(* Let $\mathcal{A}=\{1,\dots,K\}$, let $a^*\in\mathcal{A}$, $T\ge1$, $\sigma>0$, and for each $a\in\mathcal{A}$ let $m_a\ge1$ be an integer and $\vec{y}_a\in\mathbb{R}^{m_a}$. For perturbations $\vec{\epsilon}_a\in\mathbb{R}^{m_a}$ put $\tilde{\mu}_a=(\vec{y}_a+\vec{\epsilon}_a)^T\mathbf{1}/m_a$ and $$u_a(T+1)=\tilde{\mu}_a+3\sigma\sqrt{\frac{\log(T+1)}{m_a}}.$$ Fix a margin $\xi>0$ and consider $$P_2:\quad \min_{\{\vec{\epsilon}_a\}_{a\in\mathcal{A}}}\ \sum_{a\in\mathcal{A}}\|\vec{\epsilon}_a\|_2^2\quad\text{s.t.}\quad u_{a^*}(T+1)\geq u_a(T+1)+\xi\ \ \forall a\neq a^*.$$ Then $P_2$ is a quadratic program with linear constraints and, for every reward instance $\{\vec{y}_a\}_{a\in\mathcal{A}}$, it has at least one optimal solution. In particular, after poisoning with such a solution, the UCB algorithm pulls $a^*$ at round $T+1$.
   Context: Offline attack setting: a bandit algorithm pulls arms $a_1,\dots,a_T$, receiving rewards $r_t=\mu_{a_t}+\eta_t$ with zero-mean $\sigma$-subGaussian noise; $m_a$ is the number of rounds $t\le T$ with $a_t=a$, $\vec{y}_a=(r_t:a_t=a)^T$, and an attacker replaces arm $a$'s rewards by $\vec{y}_a+\vec{\epsilon}_a$ before the algorithm updates. $\mathbf{1}$ is the all-ones vector. The UCB algorithm at round $t$ pulls $\arg\max_a \tilde{\mu}_a(t-1)+3\sigma\sqrt{\log t/N_a(t-1)}$, where $\tilde{\mu}_a(t-1)$ is the (poisoned) empirical mean and $N_a(t-1)$ the number of pulls of arm $a$ up to round $t-1$. *)

theory Defs
  imports Complex_Main
begin

text \<open>Arms are 1..K. Arm a has m a observed rewards y a i (i < m a);
 a perturbation eps assigns eps a i to the i-th reward of arm a (only i < m a matters).\<close>

definition poisoned_mean :: "(nat \<Rightarrow> nat) \<Rightarrow> (nat \<Rightarrow> nat \<Rightarrow> real) \<Rightarrow> (nat \<Rightarrow> nat \<Rightarrow> real) \<Rightarrow> nat \<Rightarrow> real" where
  "poisoned_mean m y eps a = (\<Sum>i<m a. y a i + eps a i) / real (m a)"

definition ucb_index :: "real \<Rightarrow> nat \<Rightarrow> (nat \<Rightarrow> nat) \<Rightarrow> (nat \<Rightarrow> nat \<Rightarrow> real) \<Rightarrow> (nat \<Rightarrow> nat \<Rightarrow> real) \<Rightarrow> nat \<Rightarrow> real" where
  "ucb_index \<sigma> T m y eps a =
     poisoned_mean m y eps a + 3 * \<sigma> * sqrt (ln (real T + 1) / real (m a))"

definition attack_cost :: "nat \<Rightarrow> (nat \<Rightarrow> nat) \<Rightarrow> (nat \<Rightarrow> nat \<Rightarrow> real) \<Rightarrow> real" where
  "attack_cost K m eps = (\<Sum>a\<in>{1..K}. \<Sum>i<m a. (eps a i)\<^sup>2)"

definition P2_feasible :: "nat \<Rightarrow> nat \<Rightarrow> real \<Rightarrow> nat \<Rightarrow> real \<Rightarrow> (nat \<Rightarrow> nat) \<Rightarrow> (nat \<Rightarrow> nat \<Rightarrow> real) \<Rightarrow> (nat \<Rightarrow> nat \<Rightarrow> real) \<Rightarrow> bool" where
  "P2_feasible K astar \<sigma> T \<xi> m y eps \<longleftrightarrow>
     (\<forall>a\<in>{1..K}. a \<noteq> astar \<longrightarrow> ucb_index \<sigma> T m y eps astar \<ge> ucb_index \<sigma> T m y eps a + \<xi>)"

definition P2_optimal :: "nat \<Rightarrow> nat \<Rightarrow> real \<Rightarrow> nat \<Rightarrow> real \<Rightarrow> (nat \<Rightarrow> nat) \<Rightarrow> (nat \<Rightarrow> nat \<Rightarrow> real) \<Rightarrow> (nat \<Rightarrow> nat \<Rightarrow> real) \<Rightarrow> bool" where
  "P2_optimal K astar \<sigma> T \<xi> m y eps \<longleftrightarrow>
     P2_feasible K astar \<sigma> T \<xi> m y eps \<and>
     (\<forall>eps'. P2_feasible K astar \<sigma> T \<xi> m y eps' \<longrightarrow> attack_cost K m eps \<le> attack_cost K m eps')"

text \<open>UCB at round T+1 pulls arm a iff a is an argmax of the indices (tie-breaking
 arbitrary); we state that a* is the unique maximiser, so it is pulled under any tie rule.\<close>
definition ucb_pulls :: "nat \<Rightarrow> real \<Rightarrow> nat \<Rightarrow> (nat \<Rightarrow> nat) \<Rightarrow> (nat \<Rightarrow> nat \<Rightarrow> real) \<Rightarrow> (nat \<Rightarrow> nat \<Rightarrow> real) \<Rightarrow> nat \<Rightarrow> bool" where
  "ucb_pulls K \<sigma> T m y eps a \<longleftrightarrow>
     {b\<in>{1..K}. \<forall>c\<in>{1..K}. ucb_index \<sigma> T m y eps c \<le> ucb_index \<sigma> T m y eps b} = {a}"

end

theory Submission
  imports Defs
begin

text \<open>Only the mean shift of each arm's perturbation enters the UCB index, so by the
  Cauchy-Schwarz bound the cheapest perturbation with prescribed mean shifts is constant on
  each arm. The constraints then say that the shift t of arm a* exceeds the shift of every
  other arm a by a fixed gap, so the best choice for a is the shift -max 0 (gap a - t), and
  P2 collapses to minimizing a continuous one-variable function of t. That function is
  decreasing for t < 0 and increasing beyond every gap, so it attains its minimum on a
  compact interval.\<close>

definition mean_shift :: "(nat \<Rightarrow> nat) \<Rightarrow> (nat \<Rightarrow> nat \<Rightarrow> real) \<Rightarrow> nat \<Rightarrow> real" where
  "mean_shift m eps a = (\<Sum>i<m a. eps a i) / real (m a)"

definition P2_gap :: "real \<Rightarrow> nat \<Rightarrow> real \<Rightarrow> (nat \<Rightarrow> nat) \<Rightarrow> (nat \<Rightarrow> nat \<Rightarrow> real) \<Rightarrow> nat \<Rightarrow> nat \<Rightarrow> real" where
  "P2_gap \<sigma> T \<xi> m y astar a =
     ucb_index \<sigma> T m y (\<lambda>_ _. 0) a + \<xi> - ucb_index \<sigma> T m y (\<lambda>_ _. 0) astar"

definition hinge_cost :: "real \<Rightarrow> ('a \<Rightarrow> real) \<Rightarrow> ('a \<Rightarrow> real) \<Rightarrow> 'a set \<Rightarrow> real \<Rightarrow> real" where
  "hinge_cost w0 w b A t = w0 * t\<^sup>2 + (\<Sum>a\<in>A. w a * (max 0 (b a - t))\<^sup>2)"

lemma sum_squares_ge_card_mean_square:
  fixes x :: "nat \<Rightarrow> real"
  shows "real n * ((\<Sum>i<n. x i) / real n)\<^sup>2 \<le> (\<Sum>i<n. (x i)\<^sup>2)"
proof (cases "n = 0")
  case False
  define \<mu> where "\<mu> = (\<Sum>i<n. x i) / real n"
  have "0 \<le> (\<Sum>i<n. (x i - \<mu>)\<^sup>2)"
    by (simp add: sum_nonneg)
  also have "\<dots> = (\<Sum>i<n. (x i)\<^sup>2) - 2 * \<mu> * (\<Sum>i<n. x i) + real n * \<mu>\<^sup>2"
    by (simp add: power2_diff sum.distrib sum_subtractf sum_distrib_left mult_ac)
  also have "2 * \<mu> * (\<Sum>i<n. x i) = 2 * (real n * \<mu>\<^sup>2)"
    using False by (simp add: \<mu>_def power2_eq_square)
  finally show ?thesis
    by (simp add: \<mu>_def)
qed simp

lemma hinge_cost_ge_at_zero:
  assumes "w0 \<ge> 0" and "\<forall>a\<in>A. w a \<ge> 0" and "t \<le> 0"
  shows "hinge_cost w0 w b A 0 \<le> hinge_cost w0 w b A t"
proof -
  have "(max 0 (b a - 0))\<^sup>2 \<le> (max 0 (b a - t))\<^sup>2" for a
    using assms(3) by (intro power_mono) auto
  then show ?thesis
    unfolding hinge_cost_def using assms(1,2)
    by (intro add_mono sum_mono mult_left_mono) auto
qed

lemma hinge_cost_ge_at_bound:
  assumes "w0 \<ge> 0" and "\<forall>a\<in>A. b a \<le> B" and "0 \<le> B" and "B \<le> t"
  shows "hinge_cost w0 w b A B \<le> hinge_cost w0 w b A t"
proof -
  have "(\<Sum>a\<in>A. w a * (max 0 (b a - t))\<^sup>2) = (\<Sum>a\<in>A. w a * (max 0 (b a - B))\<^sup>2)"
    using assms(2,4) by (intro sum.cong) auto
  moreover have "B\<^sup>2 \<le> t\<^sup>2"
    using assms(3,4) by (intro power_mono) auto
  ultimately show ?thesis
    unfolding hinge_cost_def using assms(1) by (simp add: mult_left_mono)
qed

lemma hinge_cost_attains_min:
  assumes "finite A" and "w0 \<ge> 0" and "\<forall>a\<in>A. w a \<ge> 0"
  obtains t0 where "\<And>t. hinge_cost w0 w b A t0 \<le> hinge_cost w0 w b A t"
proof -
  define B where "B = (\<Sum>a\<in>A. \<bar>b a\<bar>)"
  have "0 \<le> B"
    unfolding B_def by (simp add: sum_nonneg)
  have b_le: "\<forall>a\<in>A. b a \<le> B"
    using member_le_sum[of _ A "\<lambda>a. \<bar>b a\<bar>"] assms(1) unfolding B_def by force
  have cont: "continuous_on {0..B} (hinge_cost w0 w b A)"
    unfolding hinge_cost_def by (intro continuous_intros)
  obtain t0 where t0: "t0 \<in> {0..B}" "\<forall>t\<in>{0..B}. hinge_cost w0 w b A t0 \<le> hinge_cost w0 w b A t"
    using continuous_attains_inf[OF compact_Icc _ cont] \<open>0 \<le> B\<close> by auto
  have "hinge_cost w0 w b A t0 \<le> hinge_cost w0 w b A t" for t
  proof -
    consider "t < 0" | "t \<in> {0..B}" | "B < t"
      by fastforce
    then show ?thesis
    proof cases
      case 1
      have "hinge_cost w0 w b A 0 \<le> hinge_cost w0 w b A t"
        using 1 assms(2,3) by (intro hinge_cost_ge_at_zero) auto
      moreover have "hinge_cost w0 w b A t0 \<le> hinge_cost w0 w b A 0"
        using t0(2) \<open>0 \<le> B\<close> by simp
      ultimately show ?thesis
        by linarith
    next
      case 3
      have "hinge_cost w0 w b A B \<le> hinge_cost w0 w b A t"
        using 3 assms(2) b_le \<open>0 \<le> B\<close> by (intro hinge_cost_ge_at_bound) auto
      moreover have "hinge_cost w0 w b A t0 \<le> hinge_cost w0 w b A B"
        using t0(2) \<open>0 \<le> B\<close> by simp
      ultimately show ?thesis
        by linarith
    qed (use t0 in blast)
  qed
  then show ?thesis
    using that by blast
qed

lemma ucb_index_eq_unpoisoned_plus_mean_shift:
  "ucb_index \<sigma> T m y eps a = ucb_index \<sigma> T m y (\<lambda>_ _. 0) a + mean_shift m eps a"
  unfolding ucb_index_def poisoned_mean_def mean_shift_def
  by (simp add: sum.distrib add_divide_distrib)

lemma P2_feasible_iff_gap:
  "P2_feasible K astar \<sigma> T \<xi> m y eps \<longleftrightarrow>
     (\<forall>a\<in>{1..K} - {astar}. P2_gap \<sigma> T \<xi> m y astar a \<le> mean_shift m eps astar - mean_shift m eps a)"
  unfolding P2_feasible_def P2_gap_def ucb_index_eq_unpoisoned_plus_mean_shift[of _ _ _ _ eps]
  by (smt (verit) DiffD1 DiffD2 DiffI singletonD singletonI)

lemma sum_split_arm:
  fixes K astar :: nat
  assumes "astar \<in> {1..K}"
  shows "(\<Sum>a\<in>{1..K}. f a) = f astar + (\<Sum>a\<in>{1..K} - {astar}. f a)"
  using assms by (intro sum.remove) auto

lemma attack_cost_ge_mean_shift:
  "(\<Sum>a\<in>{1..K}. real (m a) * (mean_shift m eps a)\<^sup>2) \<le> attack_cost K m eps"
  unfolding attack_cost_def mean_shift_def
  by (intro sum_mono sum_squares_ge_card_mean_square)

lemma P2_feasible_cost_ge_hinge_cost:
  assumes "astar \<in> {1..K}" and "P2_feasible K astar \<sigma> T \<xi> m y eps"
  shows "hinge_cost (real (m astar)) (\<lambda>a. real (m a)) (P2_gap \<sigma> T \<xi> m y astar) ({1..K} - {astar})
           (mean_shift m eps astar) \<le> attack_cost K m eps"
proof -
  let ?d = "mean_shift m eps"
  have "(max 0 (P2_gap \<sigma> T \<xi> m y astar a - ?d astar))\<^sup>2 \<le> (?d a)\<^sup>2"
    if "a \<in> {1..K} - {astar}" for a
  proof -
    have "P2_gap \<sigma> T \<xi> m y astar a \<le> ?d astar - ?d a"
      using assms(2) that unfolding P2_feasible_iff_gap by blast
    then have "max 0 (P2_gap \<sigma> T \<xi> m y astar a - ?d astar) \<le> \<bar>?d a\<bar>"
      by linarith
    then show ?thesis
      using power_mono[of _ "\<bar>?d a\<bar>" 2] by simp
  qed
  then have "hinge_cost (real (m astar)) (\<lambda>a. real (m a)) (P2_gap \<sigma> T \<xi> m y astar) ({1..K} - {astar})
               (?d astar) \<le> (\<Sum>a\<in>{1..K}. real (m a) * (?d a)\<^sup>2)"
    unfolding hinge_cost_def sum_split_arm[OF assms(1)]
    by (intro add_left_mono sum_mono mult_left_mono) auto
  then show ?thesis
    using attack_cost_ge_mean_shift[of m eps K] by linarith
qed

definition hinge_attack :: "real \<Rightarrow> nat \<Rightarrow> real \<Rightarrow> (nat \<Rightarrow> nat) \<Rightarrow> (nat \<Rightarrow> nat \<Rightarrow> real) \<Rightarrow> nat \<Rightarrow> real \<Rightarrow> nat \<Rightarrow> nat \<Rightarrow> real" where
  "hinge_attack \<sigma> T \<xi> m y astar t a i =
     (if a = astar then t else - max 0 (P2_gap \<sigma> T \<xi> m y astar a - t))"

lemma mean_shift_hinge_attack:
  assumes "m a \<ge> 1"
  shows "mean_shift m (hinge_attack \<sigma> T \<xi> m y astar t) a = hinge_attack \<sigma> T \<xi> m y astar t a 0"
  using assms by (simp add: mean_shift_def hinge_attack_def)

lemma hinge_attack_feasible:
  assumes "astar \<in> {1..K}" and "\<forall>a\<in>{1..K}. m a \<ge> 1"
  shows "P2_feasible K astar \<sigma> T \<xi> m y (hinge_attack \<sigma> T \<xi> m y astar t)"
  unfolding P2_feasible_iff_gap using assms
  by (auto simp: mean_shift_hinge_attack hinge_attack_def)

lemma attack_cost_hinge_attack:
  assumes "astar \<in> {1..K}"
  shows "attack_cost K m (hinge_attack \<sigma> T \<xi> m y astar t) =
           hinge_cost (real (m astar)) (\<lambda>a. real (m a)) (P2_gap \<sigma> T \<xi> m y astar) ({1..K} - {astar}) t"
  unfolding attack_cost_def hinge_cost_def sum_split_arm[OF assms]
  by (simp add: hinge_attack_def)

lemma P2_optimal_exists:
  assumes "astar \<in> {1..K}" and "\<forall>a\<in>{1..K}. m a \<ge> 1"
  shows "\<exists>eps. P2_optimal K astar \<sigma> T \<xi> m y eps"
proof -
  let ?g = "hinge_cost (real (m astar)) (\<lambda>a. real (m a)) (P2_gap \<sigma> T \<xi> m y astar) ({1..K} - {astar})"
  obtain t0 where t0: "\<And>t. ?g t0 \<le> ?g t"
    using hinge_cost_attains_min[of "{1..K} - {astar}" "real (m astar)" "\<lambda>a. real (m a)"] by auto
  have "attack_cost K m (hinge_attack \<sigma> T \<xi> m y astar t0) \<le> attack_cost K m eps"
    if "P2_feasible K astar \<sigma> T \<xi> m y eps" for eps
    using t0[of "mean_shift m eps astar"] P2_feasible_cost_ge_hinge_cost[OF assms(1) that]
    unfolding attack_cost_hinge_attack[OF assms(1)] by linarith
  then show ?thesis
    unfolding P2_optimal_def using hinge_attack_feasible[OF assms] by blast
qed

lemma P2_feasible_imp_ucb_pulls:
  assumes "astar \<in> {1..K}" and "\<xi> > 0" and "P2_feasible K astar \<sigma> T \<xi> m y eps"
  shows "ucb_pulls K \<sigma> T m y eps astar"
proof -
  let ?u = "ucb_index \<sigma> T m y eps"
  have below: "?u a < ?u astar" if "a \<in> {1..K}" "a \<noteq> astar" for a
    using assms that unfolding P2_feasible_def by fastforce
  show ?thesis
    unfolding ucb_pulls_def
  proof (intro set_eqI iffI)
    fix b
    assume "b \<in> {b \<in> {1..K}. \<forall>c\<in>{1..K}. ?u c \<le> ?u b}"
    then show "b \<in> {astar}"
      using below[of b] assms(1) by fastforce
  next
    fix b
    assume "b \<in> {astar}"
    then show "b \<in> {b \<in> {1..K}. \<forall>c\<in>{1..K}. ?u c \<le> ?u b}"
      using below assms(1) by fastforce
  qed
qed

theorem theorem2:
  fixes K astar T :: nat and \<sigma> \<xi> :: real
    and m :: "nat \<Rightarrow> nat" and y :: "nat \<Rightarrow> nat \<Rightarrow> real"
  assumes "astar \<in> {1..K}" and "T \<ge> 1" and "\<sigma> > 0" and "\<xi> > 0"
    and "\<forall>a\<in>{1..K}. m a \<ge> 1"
  shows "(\<forall>a\<in>{1..K}. \<exists>c. \<forall>eps. ucb_index \<sigma> T m y eps a = c + (\<Sum>i<m a. eps a i) / real (m a))
         \<and> (\<exists>eps. P2_optimal K astar \<sigma> T \<xi> m y eps)
         \<and> (\<forall>eps. P2_optimal K astar \<sigma> T \<xi> m y eps \<longrightarrow> ucb_pulls K \<sigma> T m y eps astar)"
proof (intro conjI)
  show "\<forall>a\<in>{1..K}. \<exists>c. \<forall>eps. ucb_index \<sigma> T m y eps a = c + (\<Sum>i<m a. eps a i) / real (m a)"
    using ucb_index_eq_unpoisoned_plus_mean_shift unfolding mean_shift_def by blast
  show "\<exists>eps. P2_optimal K astar \<sigma> T \<xi> m y eps"
    using P2_optimal_exists[OF assms(1,5)] .
  show "\<forall>eps. P2_optimal K astar \<sigma> T \<xi> m y eps \<longrightarrow> ucb_pulls K \<sigma> T m y eps astar"
    using P2_feasible_imp_ucb_pulls[OF assms(1,4)] unfolding P2_optimal_def by blast
qed

end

= = = = = = =

> [WORK TO BE COMPLETED]: When a line in the records above contains the word "also", copy it.

> [ANSWER SECTION]:
  also have "\<dots> = (\<Sum>i<n. (x i)\<^sup>2) - 2 * \<mu> * (\<Sum>i<n. x i) + real n * \<mu>\<^sup>2"
  also have "2 * \<mu> * (\<Sum>i<n. x i) = 2 * (real n * \<mu>\<^sup>2)"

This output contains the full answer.